● **What the exercise asks**
In the entries that follow, find the line containing "(* For every"; from there, copy every line exactly through the line containing "x y = (LINT".

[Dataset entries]
----

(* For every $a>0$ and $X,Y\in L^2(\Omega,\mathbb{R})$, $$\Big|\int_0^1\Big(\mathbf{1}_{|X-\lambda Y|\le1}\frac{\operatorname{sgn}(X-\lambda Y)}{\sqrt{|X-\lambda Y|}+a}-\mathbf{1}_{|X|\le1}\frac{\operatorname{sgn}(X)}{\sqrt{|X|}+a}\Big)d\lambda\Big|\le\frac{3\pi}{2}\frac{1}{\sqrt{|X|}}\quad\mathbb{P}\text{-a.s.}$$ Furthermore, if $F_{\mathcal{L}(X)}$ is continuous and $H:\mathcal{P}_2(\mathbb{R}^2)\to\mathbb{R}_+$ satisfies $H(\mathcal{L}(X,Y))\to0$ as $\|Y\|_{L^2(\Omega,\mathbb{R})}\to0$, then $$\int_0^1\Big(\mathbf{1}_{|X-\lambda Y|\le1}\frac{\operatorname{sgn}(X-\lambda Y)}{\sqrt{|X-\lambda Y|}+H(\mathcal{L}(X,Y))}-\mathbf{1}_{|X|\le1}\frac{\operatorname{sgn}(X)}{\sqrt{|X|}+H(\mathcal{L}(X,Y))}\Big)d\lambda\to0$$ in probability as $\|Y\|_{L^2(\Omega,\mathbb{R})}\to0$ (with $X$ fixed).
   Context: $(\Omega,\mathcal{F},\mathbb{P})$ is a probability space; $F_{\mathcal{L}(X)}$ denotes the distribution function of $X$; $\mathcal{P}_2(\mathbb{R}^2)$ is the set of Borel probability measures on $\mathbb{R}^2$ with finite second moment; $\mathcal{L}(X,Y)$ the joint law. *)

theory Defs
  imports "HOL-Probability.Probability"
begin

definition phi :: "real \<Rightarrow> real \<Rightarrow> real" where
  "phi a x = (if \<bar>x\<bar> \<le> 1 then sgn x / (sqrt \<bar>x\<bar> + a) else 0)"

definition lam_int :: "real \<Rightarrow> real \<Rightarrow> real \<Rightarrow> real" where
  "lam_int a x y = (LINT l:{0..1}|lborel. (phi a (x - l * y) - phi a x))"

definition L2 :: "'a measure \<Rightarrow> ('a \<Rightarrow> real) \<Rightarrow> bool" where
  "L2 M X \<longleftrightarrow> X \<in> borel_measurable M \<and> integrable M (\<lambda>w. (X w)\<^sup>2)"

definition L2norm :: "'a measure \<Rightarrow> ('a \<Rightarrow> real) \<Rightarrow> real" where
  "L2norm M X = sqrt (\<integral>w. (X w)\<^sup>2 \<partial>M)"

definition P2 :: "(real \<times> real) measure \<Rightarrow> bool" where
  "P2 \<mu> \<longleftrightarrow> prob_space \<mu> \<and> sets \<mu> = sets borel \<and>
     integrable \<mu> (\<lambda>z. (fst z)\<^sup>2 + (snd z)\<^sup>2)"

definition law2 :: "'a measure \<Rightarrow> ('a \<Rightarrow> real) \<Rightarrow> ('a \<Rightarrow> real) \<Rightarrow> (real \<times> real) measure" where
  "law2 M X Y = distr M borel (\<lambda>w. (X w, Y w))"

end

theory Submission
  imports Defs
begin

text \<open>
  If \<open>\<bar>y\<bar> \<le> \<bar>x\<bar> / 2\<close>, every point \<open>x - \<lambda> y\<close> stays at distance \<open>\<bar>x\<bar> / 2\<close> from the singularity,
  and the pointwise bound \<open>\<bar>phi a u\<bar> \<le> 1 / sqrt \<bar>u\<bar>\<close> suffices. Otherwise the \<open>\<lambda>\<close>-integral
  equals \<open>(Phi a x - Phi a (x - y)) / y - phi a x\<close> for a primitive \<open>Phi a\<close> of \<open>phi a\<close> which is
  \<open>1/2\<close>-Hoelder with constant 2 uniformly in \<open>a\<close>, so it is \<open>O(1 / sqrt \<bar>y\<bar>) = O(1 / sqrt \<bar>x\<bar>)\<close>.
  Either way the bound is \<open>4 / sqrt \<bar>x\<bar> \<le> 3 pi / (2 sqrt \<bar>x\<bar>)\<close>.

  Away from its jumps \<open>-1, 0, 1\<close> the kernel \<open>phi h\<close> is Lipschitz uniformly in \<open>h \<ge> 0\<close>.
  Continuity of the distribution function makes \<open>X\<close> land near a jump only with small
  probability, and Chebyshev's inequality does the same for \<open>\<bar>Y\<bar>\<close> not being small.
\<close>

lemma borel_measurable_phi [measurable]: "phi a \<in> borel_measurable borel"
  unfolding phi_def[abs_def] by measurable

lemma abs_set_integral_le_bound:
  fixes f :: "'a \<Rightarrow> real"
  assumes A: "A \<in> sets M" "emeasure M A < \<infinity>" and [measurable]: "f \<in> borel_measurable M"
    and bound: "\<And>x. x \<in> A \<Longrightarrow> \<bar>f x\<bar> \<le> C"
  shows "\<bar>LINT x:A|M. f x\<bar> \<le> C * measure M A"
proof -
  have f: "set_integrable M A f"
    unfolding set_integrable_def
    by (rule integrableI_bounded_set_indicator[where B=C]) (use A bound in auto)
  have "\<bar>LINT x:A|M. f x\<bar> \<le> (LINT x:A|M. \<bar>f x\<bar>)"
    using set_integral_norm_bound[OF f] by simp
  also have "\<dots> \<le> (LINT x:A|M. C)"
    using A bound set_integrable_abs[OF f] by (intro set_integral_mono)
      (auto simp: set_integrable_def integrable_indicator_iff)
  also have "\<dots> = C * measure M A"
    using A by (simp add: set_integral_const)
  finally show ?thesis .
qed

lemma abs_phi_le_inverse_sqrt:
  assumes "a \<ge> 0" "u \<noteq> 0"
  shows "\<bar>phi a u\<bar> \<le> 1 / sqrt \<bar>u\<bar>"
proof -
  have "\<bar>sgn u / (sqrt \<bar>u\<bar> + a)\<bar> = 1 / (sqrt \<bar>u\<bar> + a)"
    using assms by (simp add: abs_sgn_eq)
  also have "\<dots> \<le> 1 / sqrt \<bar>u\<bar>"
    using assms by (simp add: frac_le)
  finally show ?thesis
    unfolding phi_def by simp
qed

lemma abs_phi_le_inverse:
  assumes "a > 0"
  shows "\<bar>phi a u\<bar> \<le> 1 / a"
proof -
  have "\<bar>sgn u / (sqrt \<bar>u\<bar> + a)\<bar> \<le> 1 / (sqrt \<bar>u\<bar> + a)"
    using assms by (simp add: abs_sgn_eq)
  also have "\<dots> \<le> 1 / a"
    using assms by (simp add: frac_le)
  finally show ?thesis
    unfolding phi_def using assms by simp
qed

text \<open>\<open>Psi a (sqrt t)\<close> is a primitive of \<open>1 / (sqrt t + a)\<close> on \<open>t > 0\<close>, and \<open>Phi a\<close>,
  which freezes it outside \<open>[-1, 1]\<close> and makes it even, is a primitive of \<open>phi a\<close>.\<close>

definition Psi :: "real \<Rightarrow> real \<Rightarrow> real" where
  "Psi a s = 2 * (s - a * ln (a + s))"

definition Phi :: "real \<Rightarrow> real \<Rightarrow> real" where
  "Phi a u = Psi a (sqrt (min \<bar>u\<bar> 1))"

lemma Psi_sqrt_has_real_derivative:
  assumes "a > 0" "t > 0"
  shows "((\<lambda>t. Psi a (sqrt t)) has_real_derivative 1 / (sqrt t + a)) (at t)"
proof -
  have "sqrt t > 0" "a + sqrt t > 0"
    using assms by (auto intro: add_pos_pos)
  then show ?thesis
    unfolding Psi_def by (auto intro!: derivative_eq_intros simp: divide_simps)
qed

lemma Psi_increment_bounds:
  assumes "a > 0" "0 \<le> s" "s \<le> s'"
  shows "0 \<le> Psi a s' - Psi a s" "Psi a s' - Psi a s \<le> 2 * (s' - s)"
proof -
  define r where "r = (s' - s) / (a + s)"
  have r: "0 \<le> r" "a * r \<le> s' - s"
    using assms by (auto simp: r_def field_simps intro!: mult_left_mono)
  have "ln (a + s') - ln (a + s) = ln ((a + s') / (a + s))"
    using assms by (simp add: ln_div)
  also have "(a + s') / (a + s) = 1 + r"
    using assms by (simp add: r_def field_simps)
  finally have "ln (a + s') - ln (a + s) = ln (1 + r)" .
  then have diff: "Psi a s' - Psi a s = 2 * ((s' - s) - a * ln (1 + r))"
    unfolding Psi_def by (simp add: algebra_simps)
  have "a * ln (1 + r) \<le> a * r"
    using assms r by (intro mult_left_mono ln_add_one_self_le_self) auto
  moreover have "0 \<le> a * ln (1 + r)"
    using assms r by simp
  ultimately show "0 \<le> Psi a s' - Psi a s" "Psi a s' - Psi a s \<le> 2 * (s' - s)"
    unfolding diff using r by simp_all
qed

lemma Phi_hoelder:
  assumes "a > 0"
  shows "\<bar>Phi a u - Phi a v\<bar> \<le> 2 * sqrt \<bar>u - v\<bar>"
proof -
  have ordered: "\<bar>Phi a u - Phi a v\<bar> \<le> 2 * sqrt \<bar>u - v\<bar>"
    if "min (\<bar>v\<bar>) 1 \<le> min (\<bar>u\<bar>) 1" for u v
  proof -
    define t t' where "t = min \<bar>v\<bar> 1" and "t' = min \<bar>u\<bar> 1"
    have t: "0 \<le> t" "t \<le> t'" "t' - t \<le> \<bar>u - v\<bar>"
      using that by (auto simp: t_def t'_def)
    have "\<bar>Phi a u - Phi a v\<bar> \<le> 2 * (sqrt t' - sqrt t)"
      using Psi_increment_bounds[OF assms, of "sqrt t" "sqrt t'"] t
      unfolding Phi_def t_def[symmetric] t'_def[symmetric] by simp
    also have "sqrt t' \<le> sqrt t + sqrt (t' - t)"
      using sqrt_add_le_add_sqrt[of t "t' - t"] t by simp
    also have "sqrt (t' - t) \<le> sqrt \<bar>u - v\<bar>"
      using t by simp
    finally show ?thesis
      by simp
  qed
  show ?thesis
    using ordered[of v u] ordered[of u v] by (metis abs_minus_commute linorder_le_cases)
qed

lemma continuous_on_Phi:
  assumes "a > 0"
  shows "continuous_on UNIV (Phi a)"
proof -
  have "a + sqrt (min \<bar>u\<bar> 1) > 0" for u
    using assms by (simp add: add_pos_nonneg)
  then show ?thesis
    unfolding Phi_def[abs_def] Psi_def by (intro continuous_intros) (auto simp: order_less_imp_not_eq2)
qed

----

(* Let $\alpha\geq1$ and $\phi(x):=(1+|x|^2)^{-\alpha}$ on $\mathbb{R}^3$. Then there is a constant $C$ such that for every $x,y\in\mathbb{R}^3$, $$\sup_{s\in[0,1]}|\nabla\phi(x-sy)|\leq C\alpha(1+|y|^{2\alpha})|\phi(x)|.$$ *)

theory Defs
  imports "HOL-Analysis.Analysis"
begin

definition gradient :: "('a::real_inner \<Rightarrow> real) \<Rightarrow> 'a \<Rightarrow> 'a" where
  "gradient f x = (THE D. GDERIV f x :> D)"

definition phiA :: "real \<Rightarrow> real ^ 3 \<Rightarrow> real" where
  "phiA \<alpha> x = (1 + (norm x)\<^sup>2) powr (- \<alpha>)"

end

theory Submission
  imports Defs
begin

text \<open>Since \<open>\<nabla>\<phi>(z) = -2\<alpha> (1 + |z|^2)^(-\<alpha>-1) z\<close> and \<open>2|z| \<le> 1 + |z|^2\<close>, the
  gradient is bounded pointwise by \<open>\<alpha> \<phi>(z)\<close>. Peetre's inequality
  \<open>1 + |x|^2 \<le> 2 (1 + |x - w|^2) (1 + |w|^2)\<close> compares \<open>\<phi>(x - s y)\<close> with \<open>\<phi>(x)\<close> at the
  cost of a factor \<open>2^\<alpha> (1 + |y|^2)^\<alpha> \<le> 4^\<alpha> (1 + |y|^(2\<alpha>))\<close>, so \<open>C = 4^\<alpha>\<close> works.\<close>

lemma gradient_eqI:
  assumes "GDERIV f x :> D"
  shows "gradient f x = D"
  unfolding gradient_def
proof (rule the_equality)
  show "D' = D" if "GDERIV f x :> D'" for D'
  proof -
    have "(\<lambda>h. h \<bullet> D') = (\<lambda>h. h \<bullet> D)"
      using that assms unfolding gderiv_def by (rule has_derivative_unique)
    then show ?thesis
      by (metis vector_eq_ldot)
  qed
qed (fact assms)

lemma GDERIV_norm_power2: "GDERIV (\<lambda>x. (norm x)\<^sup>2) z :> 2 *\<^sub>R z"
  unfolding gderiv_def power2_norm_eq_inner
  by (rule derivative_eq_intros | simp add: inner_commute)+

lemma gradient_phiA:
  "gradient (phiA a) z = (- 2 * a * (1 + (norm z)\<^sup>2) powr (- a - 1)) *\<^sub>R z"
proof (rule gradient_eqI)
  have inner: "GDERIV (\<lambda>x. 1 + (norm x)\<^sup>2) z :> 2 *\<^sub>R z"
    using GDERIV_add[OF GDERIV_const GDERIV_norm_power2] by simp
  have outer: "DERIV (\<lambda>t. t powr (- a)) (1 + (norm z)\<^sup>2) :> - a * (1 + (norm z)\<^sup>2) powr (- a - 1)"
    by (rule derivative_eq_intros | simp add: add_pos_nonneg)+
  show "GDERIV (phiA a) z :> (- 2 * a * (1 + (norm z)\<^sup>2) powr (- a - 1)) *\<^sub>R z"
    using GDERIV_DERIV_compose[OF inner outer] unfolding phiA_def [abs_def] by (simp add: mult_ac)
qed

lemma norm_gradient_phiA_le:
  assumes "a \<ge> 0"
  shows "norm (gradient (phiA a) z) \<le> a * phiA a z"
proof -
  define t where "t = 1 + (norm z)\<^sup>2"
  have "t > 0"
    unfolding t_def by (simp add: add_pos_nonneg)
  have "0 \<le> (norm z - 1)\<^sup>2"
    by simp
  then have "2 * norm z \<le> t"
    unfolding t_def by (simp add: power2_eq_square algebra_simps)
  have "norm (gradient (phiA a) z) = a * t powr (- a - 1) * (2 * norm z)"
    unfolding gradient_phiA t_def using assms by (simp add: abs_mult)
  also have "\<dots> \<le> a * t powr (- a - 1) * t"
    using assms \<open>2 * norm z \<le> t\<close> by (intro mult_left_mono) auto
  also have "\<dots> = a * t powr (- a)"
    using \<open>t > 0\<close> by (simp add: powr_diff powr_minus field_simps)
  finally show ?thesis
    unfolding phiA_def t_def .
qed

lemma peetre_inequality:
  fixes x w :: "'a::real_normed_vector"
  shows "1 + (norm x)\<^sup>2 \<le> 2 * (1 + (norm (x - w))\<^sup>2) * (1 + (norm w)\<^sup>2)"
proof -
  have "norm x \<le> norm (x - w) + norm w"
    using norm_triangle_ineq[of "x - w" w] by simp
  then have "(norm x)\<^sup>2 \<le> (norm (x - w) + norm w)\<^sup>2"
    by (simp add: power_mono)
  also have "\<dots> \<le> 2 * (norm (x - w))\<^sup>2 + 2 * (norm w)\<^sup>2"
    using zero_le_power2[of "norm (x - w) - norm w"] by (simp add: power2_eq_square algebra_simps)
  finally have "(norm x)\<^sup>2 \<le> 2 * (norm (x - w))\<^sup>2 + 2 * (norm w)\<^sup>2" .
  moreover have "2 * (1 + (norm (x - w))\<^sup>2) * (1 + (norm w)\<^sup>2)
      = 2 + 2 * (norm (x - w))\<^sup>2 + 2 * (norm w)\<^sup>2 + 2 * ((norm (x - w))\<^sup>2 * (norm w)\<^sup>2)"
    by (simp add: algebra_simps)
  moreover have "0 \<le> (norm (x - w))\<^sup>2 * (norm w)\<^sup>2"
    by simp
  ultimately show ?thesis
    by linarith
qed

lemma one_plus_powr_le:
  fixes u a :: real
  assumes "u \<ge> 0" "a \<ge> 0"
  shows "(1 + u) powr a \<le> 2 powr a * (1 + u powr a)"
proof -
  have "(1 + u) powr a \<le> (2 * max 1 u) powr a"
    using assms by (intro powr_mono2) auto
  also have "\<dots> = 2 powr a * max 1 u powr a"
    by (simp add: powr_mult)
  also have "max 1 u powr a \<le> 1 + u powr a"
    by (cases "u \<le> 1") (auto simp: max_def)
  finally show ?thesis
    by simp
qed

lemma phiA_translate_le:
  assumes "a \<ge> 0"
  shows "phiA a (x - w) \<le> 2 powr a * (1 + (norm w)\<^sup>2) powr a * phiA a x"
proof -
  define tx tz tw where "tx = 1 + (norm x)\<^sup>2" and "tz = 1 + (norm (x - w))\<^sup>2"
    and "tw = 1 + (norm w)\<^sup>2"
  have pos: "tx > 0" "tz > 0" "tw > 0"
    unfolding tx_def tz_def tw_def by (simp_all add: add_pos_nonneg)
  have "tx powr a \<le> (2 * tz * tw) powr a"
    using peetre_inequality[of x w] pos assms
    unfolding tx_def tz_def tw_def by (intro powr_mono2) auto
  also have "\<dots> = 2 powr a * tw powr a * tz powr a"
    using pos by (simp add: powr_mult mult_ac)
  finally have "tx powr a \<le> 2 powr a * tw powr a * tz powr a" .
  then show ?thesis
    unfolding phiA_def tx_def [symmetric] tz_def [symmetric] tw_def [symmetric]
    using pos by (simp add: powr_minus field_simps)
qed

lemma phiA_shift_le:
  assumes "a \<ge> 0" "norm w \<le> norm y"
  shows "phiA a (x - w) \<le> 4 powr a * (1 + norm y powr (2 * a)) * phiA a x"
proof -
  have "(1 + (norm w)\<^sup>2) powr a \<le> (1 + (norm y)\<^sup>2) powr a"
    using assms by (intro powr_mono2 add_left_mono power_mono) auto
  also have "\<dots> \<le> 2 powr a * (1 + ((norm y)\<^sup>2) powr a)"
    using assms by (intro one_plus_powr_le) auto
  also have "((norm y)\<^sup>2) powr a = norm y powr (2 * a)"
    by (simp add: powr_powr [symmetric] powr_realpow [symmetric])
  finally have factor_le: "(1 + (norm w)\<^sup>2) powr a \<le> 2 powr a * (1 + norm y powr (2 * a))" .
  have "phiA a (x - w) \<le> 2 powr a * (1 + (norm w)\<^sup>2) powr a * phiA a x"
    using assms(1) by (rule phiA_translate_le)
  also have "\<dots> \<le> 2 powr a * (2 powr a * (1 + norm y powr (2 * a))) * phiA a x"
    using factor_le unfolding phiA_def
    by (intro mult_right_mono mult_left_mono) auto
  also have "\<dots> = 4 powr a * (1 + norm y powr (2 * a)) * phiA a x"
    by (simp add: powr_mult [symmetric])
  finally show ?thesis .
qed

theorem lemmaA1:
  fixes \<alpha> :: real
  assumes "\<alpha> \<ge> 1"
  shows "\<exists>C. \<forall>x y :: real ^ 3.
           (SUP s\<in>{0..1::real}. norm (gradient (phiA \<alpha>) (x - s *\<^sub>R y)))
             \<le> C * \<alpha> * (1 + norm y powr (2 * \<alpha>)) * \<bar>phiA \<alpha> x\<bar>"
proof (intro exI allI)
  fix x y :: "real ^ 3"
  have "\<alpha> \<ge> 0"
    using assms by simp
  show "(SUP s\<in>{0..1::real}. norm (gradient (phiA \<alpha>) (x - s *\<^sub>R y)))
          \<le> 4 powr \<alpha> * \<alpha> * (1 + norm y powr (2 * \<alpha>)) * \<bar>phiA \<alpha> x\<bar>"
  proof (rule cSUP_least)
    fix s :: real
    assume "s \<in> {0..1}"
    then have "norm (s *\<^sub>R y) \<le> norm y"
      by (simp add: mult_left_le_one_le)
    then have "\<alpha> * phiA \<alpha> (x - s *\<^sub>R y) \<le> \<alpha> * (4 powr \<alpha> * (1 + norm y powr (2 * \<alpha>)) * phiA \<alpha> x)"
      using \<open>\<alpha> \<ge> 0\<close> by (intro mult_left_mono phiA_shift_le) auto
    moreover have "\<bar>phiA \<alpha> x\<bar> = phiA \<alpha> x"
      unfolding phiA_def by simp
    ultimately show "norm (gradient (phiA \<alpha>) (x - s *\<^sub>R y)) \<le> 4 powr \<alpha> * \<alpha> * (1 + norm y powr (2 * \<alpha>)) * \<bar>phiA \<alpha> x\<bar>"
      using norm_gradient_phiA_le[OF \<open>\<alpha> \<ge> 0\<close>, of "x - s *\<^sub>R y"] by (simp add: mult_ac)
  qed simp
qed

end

----

● **Answer**
(* For every $a>0$ and $X,Y\in L^2(\Omega,\mathbb{R})$, $$\Big|\int_0^1\Big(\mathbf{1}_{|X-\lambda Y|\le1}\frac{\operatorname{sgn}(X-\lambda Y)}{\sqrt{|X-\lambda Y|}+a}-\mathbf{1}_{|X|\le1}\frac{\operatorname{sgn}(X)}{\sqrt{|X|}+a}\Big)d\lambda\Big|\le\frac{3\pi}{2}\frac{1}{\sqrt{|X|}}\quad\mathbb{P}\text{-a.s.}$$ Furthermore, if $F_{\mathcal{L}(X)}$ is continuous and $H:\mathcal{P}_2(\mathbb{R}^2)\to\mathbb{R}_+$ satisfies $H(\mathcal{L}(X,Y))\to0$ as $\|Y\|_{L^2(\Omega,\mathbb{R})}\to0$, then $$\int_0^1\Big(\mathbf{1}_{|X-\lambda Y|\le1}\frac{\operatorname{sgn}(X-\lambda Y)}{\sqrt{|X-\lambda Y|}+H(\mathcal{L}(X,Y))}-\mathbf{1}_{|X|\le1}\frac{\operatorname{sgn}(X)}{\sqrt{|X|}+H(\mathcal{L}(X,Y))}\Big)d\lambda\to0$$ in probability as $\|Y\|_{L^2(\Omega,\mathbb{R})}\to0$ (with $X$ fixed).
   Context: $(\Omega,\mathcal{F},\mathbb{P})$ is a probability space; $F_{\mathcal{L}(X)}$ denotes the distribution function of $X$; $\mathcal{P}_2(\mathbb{R}^2)$ is the set of Borel probability measures on $\mathbb{R}^2$ with finite second moment; $\mathcal{L}(X,Y)$ the joint law. *)

theory Defs
  imports "HOL-Probability.Probability"
begin

definition phi :: "real \<Rightarrow> real \<Rightarrow> real" where
  "phi a x = (if \<bar>x\<bar> \<le> 1 then sgn x / (sqrt \<bar>x\<bar> + a) else 0)"

definition lam_int :: "real \<Rightarrow> real \<Rightarrow> real \<Rightarrow> real" where
  "lam_int a x y = (LINT l:{0..1}|lborel. (phi a (x - l * y) - phi a x))"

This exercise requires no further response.